> THE PROBLEM
Among the lines below, list those containing the string "finally".

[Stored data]
lemma Qfield_scaled_sum_list:
  assumes "\<And>j. q * h j \<in> Qfield \<beta>"
  shows "q * sum_list (map h ws) \<in> Qfield \<beta>"
  using assms by (induction ws) (auto simp: distrib_left intro: Qfield_zero Qfield_add)

lemma scaled_prefix_lengths_in_Qfield:
  assumes "\<forall>j. \<exists>q \<in> Qfield \<beta>. h j = r * q"
    and "fst T \<in> Qfield \<beta>" "fst T + h (snd T) \<in> Qfield \<beta>"
    and "h (snd T) = r * q"
  shows "(*) q ` prefix_lengths h \<sigma> \<subseteq> Qfield \<beta>"
proof -
  have "q * h j \<in> Qfield \<beta>" for j
  proof -
    obtain q' where "q' \<in> Qfield \<beta>" "h j = r * q'" using assms(1) by blast
    then have "q * h j = (fst T + h (snd T) - fst T) * q'" using assms(4) by simp
    then show ?thesis using Qfield_mult[OF Qfield_diff[OF assms(3,2)] \<open>q' \<in> Qfield \<beta>\<close>] by simp
  qed
  then show ?thesis unfolding prefix_lengths_def by (auto intro: Qfield_scaled_sum_list)
qed

lemma poly_map_of_rat_mod:
  fixes z :: "'a::field_char_0"
  assumes "poly (map_poly of_rat q) z = 0"
  shows "poly (map_poly of_rat (p mod q)) z = poly (map_poly of_rat p) z"
proof -
  have "poly (map_poly of_rat p) z = poly (map_poly of_rat (p div q * q + p mod q)) z" by simp
  also have "\<dots> = poly (map_poly of_rat (p mod q)) z"
    using assms by (simp only: hom_distribs poly_add poly_mult) simp
  finally show ?thesis ..
qed
lemma std_gauss_vec_component_measurable [measurable]:
  "(\<lambda>z. z k) \<in> borel_measurable (std_gauss_vec :: ('n::finite \<Rightarrow> real) measure)"
proof -
  have "(\<lambda>z. z k) \<in> measurable (std_gauss_vec :: ('n \<Rightarrow> real) measure) std_normal_measure"
    unfolding std_gauss_vec_def by (rule measurable_component_singleton) simp
  then show ?thesis
    by (simp cong: measurable_cong_sets)
qed

lemma distr_std_gauss_vec_component:
  "distr (std_gauss_vec :: ('n::finite \<Rightarrow> real) measure) borel (\<lambda>z. z k) = std_normal_measure"
proof -
  have "distr (std_gauss_vec :: ('n \<Rightarrow> real) measure) borel (\<lambda>z. z k)
      = distr (std_gauss_vec :: ('n \<Rightarrow> real) measure) std_normal_measure (\<lambda>z. z k)"
    by (rule distr_cong) auto
  also have "\<dots> = std_normal_measure"
    unfolding std_gauss_vec_def
    by (rule distr_PiM_component) (auto simp: prob_space_std_normal_measure)
  finally show ?thesis .
qed

lemma distributed_std_gauss_vec_component:
  "distributed (std_gauss_vec :: ('n::finite \<Rightarrow> real) measure) lborel (\<lambda>z. z k) std_normal_density"
proof -
  have "distr (std_gauss_vec :: ('n \<Rightarrow> real) measure) lborel (\<lambda>z. z k)
      = distr (std_gauss_vec :: ('n \<Rightarrow> real) measure) borel (\<lambda>z. z k)"
    by (rule distr_cong) auto
  then show ?thesis
    using distr_std_gauss_vec_component[of k]
    by (simp add: distributed_def std_normal_measure_def)
qed

lemma indep_vars_std_gauss_vec:
  "prob_space.indep_vars (std_gauss_vec :: ('n::finite \<Rightarrow> real) measure) (\<lambda>_. borel) (\<lambda>k z. z k) UNIV"
proof -
  interpret prob_space "std_gauss_vec :: ('n \<Rightarrow> real) measure"
    by (rule prob_space_std_gauss_vec)
  have "distr (std_gauss_vec :: ('n \<Rightarrow> real) measure) (\<Pi>\<^sub>M i\<in>UNIV. borel) (\<lambda>x. \<lambda>i\<in>UNIV. x i)
      = distr std_gauss_vec (\<Pi>\<^sub>M i\<in>UNIV. borel) (\<lambda>x. x)"
    by (rule distr_cong) auto
  also have "\<dots> = std_gauss_vec"
    unfolding std_gauss_vec_def by (rule distr_id2, rule sets_PiM_cong) auto
  also have "\<dots> = (\<Pi>\<^sub>M i\<in>UNIV. distr std_gauss_vec borel (\<lambda>z. z i))"
    by (simp only: distr_std_gauss_vec_component) (simp add: std_gauss_vec_def)
  finally show ?thesis
    by (subst indep_vars_iff_distr_eq_PiM) simp_all
qed

lemma distributed_std_gauss_vec_linear_combination:
  fixes w :: "'n::finite \<Rightarrow> real"
  assumes "\<exists>k. w k \<noteq> 0"
  shows "distributed (std_gauss_vec :: ('n \<Rightarrow> real) measure) lborel (\<lambda>z. \<Sum>k\<in>UNIV. w k * z k)
           (normal_density 0 (sqrt (\<Sum>k\<in>UNIV. (w k)\<^sup>2)))"
proof -
  interpret prob_space "std_gauss_vec :: ('n \<Rightarrow> real) measure"
    by (rule prob_space_std_gauss_vec)
  define I where "I = {k. w k \<noteq> 0}"
  have I: "finite I" "I \<noteq> {}" using assms by (auto simp: I_def)
  have "indep_vars (\<lambda>_. borel) (\<lambda>k z. w k * z k) I"
    by (rule indep_vars_compose2[where X = "\<lambda>k z. z k",
          OF indep_vars_subset[OF indep_vars_std_gauss_vec]]) (simp_all, measurable)
  moreover have "distributed std_gauss_vec lborel (\<lambda>z. w k * z k) (normal_density 0 \<bar>w k\<bar>)"
    if "k \<in> I" for k
    using normal_density_affine[OF distributed_std_gauss_vec_component[of k], of "w k" 0] that
    by (simp add: I_def)
  ultimately have "distributed std_gauss_vec lborel (\<lambda>z. \<Sum>k\<in>I. w k * z k)
      (normal_density (\<Sum>k\<in>I. 0) (sqrt (\<Sum>k\<in>I. \<bar>w k\<bar>\<^sup>2)))"
    by (intro sum_indep_normal I) (auto simp: I_def)
  moreover have "(\<lambda>z. \<Sum>k\<in>I. w k * z k) = (\<lambda>z. \<Sum>k\<in>UNIV. w k * z k)"
    by (intro ext sum.mono_neutral_left) (auto simp: I_def)
  moreover have "(\<Sum>k\<in>I. \<bar>w k\<bar>\<^sup>2) = (\<Sum>k\<in>UNIV. (w k)\<^sup>2)"
    by (simp, intro sum.mono_neutral_left) (auto simp: I_def)
  ultimately show ?thesis by simp
qed

lemma measure_std_gauss_vec_halfspace:
  fixes w :: "'n::finite \<Rightarrow> real"
  assumes "\<exists>k. w k \<noteq> 0"
  shows "measure (std_gauss_vec :: ('n \<Rightarrow> real) measure) {z. 0 \<le> b + (\<Sum>k\<in>UNIV. w k * z k)}
       = measure std_normal_measure {x. 0 \<le> b / sqrt (\<Sum>k\<in>UNIV. (w k)\<^sup>2) + x}"
proof -
  interpret prob_space "std_gauss_vec :: ('n \<Rightarrow> real) measure"
    by (rule prob_space_std_gauss_vec)
  define s where "s = sqrt (\<Sum>k\<in>UNIV. (w k)\<^sup>2)"
  define Y where "Y = (\<lambda>z::'n \<Rightarrow> real. (\<Sum>k\<in>UNIV. w k * z k) / s)"
  obtain k0 where "w k0 \<noteq> 0" using assms by blast
  then have "0 < (w k0)\<^sup>2" by simp
  also have "\<dots> \<le> (\<Sum>k\<in>UNIV. (w k)\<^sup>2)" by (rule member_le_sum) auto
  finally have "0 < s" by (simp add: s_def)
  have "distributed std_gauss_vec lborel Y (normal_density (0 + (1/s) * 0) (\<bar>1/s\<bar> * s))"
    using normal_density_affine[OF distributed_std_gauss_vec_linear_combination[OF assms], of "1/s" 0]
      \<open>0 < s\<close>
    by (simp add: Y_def s_def)
  then have Y: "distr std_gauss_vec lborel Y = std_normal_measure" "Y \<in> measurable std_gauss_vec lborel"
    using \<open>0 < s\<close> by (simp_all add: distributed_def std_normal_measure_def)
  have "{z. 0 \<le> b + (\<Sum>k\<in>UNIV. w k * z k)} = Y -` {x. 0 \<le> b / s + x} \<inter> space std_gauss_vec"
    using \<open>0 < s\<close> by (auto simp: Y_def add_divide_distrib[symmetric] zero_le_divide_iff)
  then show ?thesis
    using measure_distr[OF Y(2), of "{x. 0 \<le> b / s + x}"] Y(1) by (simp add: s_def)
qed

lemma var_diff_eq_sum_square:
  fixes A :: "real^'n::finite^'n"
  assumes "A ** transpose A = S"
  shows "var_diff S i j = (\<Sum>k\<in>UNIV. (A $ i $ k - A $ j $ k)\<^sup>2)"
proof -
  have "S $ p $ q = (\<Sum>k\<in>UNIV. A $ p $ k * A $ q $ k)" for p q
    using assms[symmetric] by (simp add: matrix_matrix_mult_def transpose_def)
  then show ?thesis
    by (simp add: var_diff_def power2_eq_square algebra_simps sum.distrib sum_subtractf
        sum_distrib_left)
qed

lemma pair_prob_eq_measure_std_gauss_vec:
  fixes mu :: "real^'n::finite" and S :: "real^'n^'n"
  defines "A \<equiv> (SOME A :: real^'n^'n. A ** transpose A = S)"
  shows "pair_prob mu S i j = measure (std_gauss_vec :: ('n \<Rightarrow> real) measure)
      {z. 0 \<le> (mu $ i - mu $ j) + (\<Sum>k\<in>UNIV. (A $ i $ k - A $ j $ k) * z k)}"
proof -
  have "(\<lambda>z. mu + A *v (\<chi> i. z i)) \<in> borel_measurable (std_gauss_vec :: ('n \<Rightarrow> real) measure)"
  proof (subst borel_measurable_euclidean_space, intro ballI)
    fix b :: "real^'n" assume "b \<in> Basis"
    then obtain i where "b = axis i 1" by (auto simp: Basis_vec_def)
    then have "(\<lambda>z. (mu + A *v (\<chi> i. z i)) \<bullet> b) = (\<lambda>z. mu $ i + (\<Sum>k\<in>UNIV. A $ i $ k * z k))"
      by (simp add: inner_axis matrix_vector_mult_def)
    then show "(\<lambda>z. (mu + A *v (\<chi> i. z i)) \<bullet> b) \<in> borel_measurable std_gauss_vec"
      by simp
  qed
  moreover have "{x::real^'n. x $ j \<le> x $ i} \<in> sets borel"
    by (intro borel_closed closed_Collect_le continuous_on_component continuous_on_id)
  ultimately have "pair_prob mu S i j = measure (std_gauss_vec :: ('n \<Rightarrow> real) measure)
      ((\<lambda>z. mu + A *v (\<chi> i. z i)) -` {x. x $ j \<le> x $ i} \<inter> space std_gauss_vec)"
    unfolding pair_prob_def mvn_def A_def[symmetric] by (rule measure_distr)
  also have "(\<lambda>z. mu + A *v (\<chi> i. z i)) -` {x. x $ j \<le> x $ i} \<inter> space std_gauss_vec =
      {z. 0 \<le> (mu $ i - mu $ j) + (\<Sum>k\<in>UNIV. (A $ i $ k - A $ j $ k) * z k)}"
    by (auto simp: matrix_vector_mult_def left_diff_distrib sum_subtractf)
  finally show ?thesis .
qed

lemma pair_prob_refl: "pair_prob mu S i i = 1"
proof -
  interpret prob_space "std_gauss_vec :: ('n::finite \<Rightarrow> real) measure"
    by (rule prob_space_std_gauss_vec)
  show ?thesis
    by (simp add: pair_prob_eq_measure_std_gauss_vec prob_space[unfolded space_std_gauss_vec])
qed

lemma pair_prob_eq_std_normal:
  fixes mu :: "real^'n::finite" and S :: "real^'n^'n"
  assumes "psd S" and "0 < var_diff S i j"
  shows "pair_prob mu S i j
    = measure std_normal_measure {x. 0 \<le> (mu $ i - mu $ j) / sqrt (var_diff S i j) + x}"
proof -
  define A where "A = (SOME A :: real^'n^'n. A ** transpose A = S)"
  have "A ** transpose A = S"
    unfolding A_def using psd_factor[OF assms(1)] by (rule someI_ex)
  note var_diff = var_diff_eq_sum_square[OF this, of i j]
  then have "\<exists>k. A $ i $ k - A $ j $ k \<noteq> 0"
    using assms(2) by (metis (no_types, lifting) power2_eq_square mult_zero_left sum.neutral
        less_irrefl)
  from measure_std_gauss_vec_halfspace[OF this, of "mu $ i - mu $ j"] show ?thesis
    by (simp add: pair_prob_eq_measure_std_gauss_vec A_def[symmetric] var_diff)
qed

lemma pair_prob_rescale:
  fixes mu mu' :: "real^'n::finite" and S S' :: "real^'n^'n"
  assumes "psd S" and "psd S'" and "0 < var_diff S i j" and "0 < t"
    and "var_diff S' i j = t\<^sup>2 * var_diff S i j" and "mu' $ i - mu' $ j = t * (mu $ i - mu $ j)"
  shows "pair_prob mu' S' i j = pair_prob mu S i j"
proof -
  have "0 < var_diff S' i j" using assms(3-5) by simp
  moreover have "(mu' $ i - mu' $ j) / sqrt (var_diff S' i j)
      = (mu $ i - mu $ j) / sqrt (var_diff S i j)"
    using assms(3-6) by (simp add: real_sqrt_mult)
  ultimately show ?thesis
    using assms(1,2,3) by (simp add: pair_prob_eq_std_normal)
qed

section \<open>Perturbing a normalized model\<close>

lemma ex_not_mem_if_card_less:
  fixes A :: "'n::finite set"
  assumes "card A < CARD('n)"
  shows "\<exists>k. k \<notin> A"
proof (rule ccontr)
  assume "\<not> (\<exists>k. k \<notin> A)"
  then have "A = UNIV" by auto
  then show False using assms by simp
qed

lemma ex_compatible_direction:
  fixes mu :: "real^'n::finite"
  assumes "CARD('n) \<ge> 2"
  obtains a g :: "real^'n" and p q where "a $ p \<noteq> a $ q"
    and "\<And>i j. g $ i - g $ j = (a $ i + a $ j) * (mu $ i - mu $ j)"
proof (cases "\<exists>p q. mu $ p \<noteq> mu $ q")
  case True
  then obtain p q where "mu $ p \<noteq> mu $ q" by blast
  moreover have "(\<chi> i. (mu $ i)\<^sup>2) $ i - (\<chi> i. (mu $ i)\<^sup>2) $ j = (mu $ i + mu $ j) * (mu $ i - mu $ j)"
    for i j by (simp add: power2_eq_square algebra_simps)
  ultimately show ?thesis using that by blast
next
  case False
  fix p :: 'n
  obtain q where "q \<notin> {p}"
    using ex_not_mem_if_card_less[of "{p}"] assms by auto
  then have "axis p (1::real) $ p \<noteq> axis p 1 $ q"
    by (auto simp: axis_def)
  moreover have "(0::real^'n) $ i - 0 $ j = (axis p 1 $ i + axis p 1 $ j) * (mu $ i - mu $ j)" for i j
    using False by simp
  ultimately show ?thesis using that by blast
qed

> ANSWER BOX
  finally show ?thesis ..
  finally show ?thesis .
  finally show ?thesis
  finally have "0 < s" by (simp add: s_def)
  finally show ?thesis .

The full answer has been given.